Politics

Gitega: From arrests to disappearances

Four people from Gitega commune in Gitega central province have been reported missing since 18 March. One had been found but was arrested by the police and went missing again the next day. Reporting.

It had just rained on the hillside of Mirama in Mubuga area of Gitega commune on Wednesday 10 April around midday.

Survivor of an execution after his abduction, Emmanuel Ndayishimiye has not been found since Saturday, April 6th.

In the valley, the Ruvubu River, in gray color, flowed slowly. On the other bank, there is Bukirasazi hill of Shombo commune in Karusi province.

On both sides of the Ruvubu, the fields were green. It was raining and some peasants took refuge under banana trees to shelter themselves from droplets of rain.
All along this river, the landscape was the same up to about two kilometers at the end of a road leading to the center of Mubuga zone.

There was a crowd in the area. More than twenty people of all ages were looking towards the same direction. Sadness could be read in their faces. At about 30m from the road and at about 2 m from the river, that was where the body of a man recovered from the river was just buried at around 10 a.m.
According them, this body was undoubtedly that of one of the two young men who were shot dead in the night of Thursday, April 4, in this locality.
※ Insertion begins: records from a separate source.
lemma derivative_dependent_chain_rule_decomposable:
  fixes I :: "'x::finite \<Rightarrow> 'x bfun \<Rightarrow> real"
  assumes I: "derivative_dependent I" and weak: "weakly_chain_rule_decomposable I"
  shows "chain_rule_decomposable I"
  unfolding chain_rule_decomposable_def
proof (intro allI impI)
  fix f g :: "'x bfun" and x xg
  assume "modular f g \<and> x \<in> dep g \<and> xg \<notin> dep f"
  then have fg: "modular f g" and x: "x \<in> dep g" and xg: "xg \<notin> dep f" by auto
  have "xg \<notin> dep (mono_reduct f g)" using xg dep_mono_reduct_subset[OF fg] by blast
  then have "I x (mono_reduct f g) = I x g * I xg (gsubst (mono_reduct f g) g xg)"
    using weak x mono_modular_mono_reduct[OF fg] unfolding weakly_chain_rule_decomposable_def by blast
  moreover have "I x (mono_reduct f g) = I x f"
    by (rule derivative_dependent_eq[OF I bderiv_mono_reduct[OF fg x]])
  moreover have "I xg (gsubst (mono_reduct f g) g xg) = I xg (gsubst f g xg)"
    by (rule derivative_dependent_eq[OF I bderiv_gsubst_mono_reduct[OF fg xg]])
  ultimately show "I x f = I x g * I xg (gsubst f g xg)" by simp
qed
“He was wrapped in a mosquito net, blindfolded with a white scarf.”

The description corresponded well to that made on Friday morning by Emmanuel Ndayishimiye, a young man from Bwoga locality in the same commune of Gitega.
In the morning of that Friday, Emmanuel Ndayishimiye , handcuffed and with a bandaged face, was seen by inhabitants of Mirama area who were going for their field activities. The young man, ailing, requested an emergency. He said he had just cheated death.

The horror told by Ndayishimiye

Thursday April 4th

The grave near the Ruvubu River where a corpse with the characteristics of the “disappeared people” as described by Emmanuel Ndayishimiye was buried.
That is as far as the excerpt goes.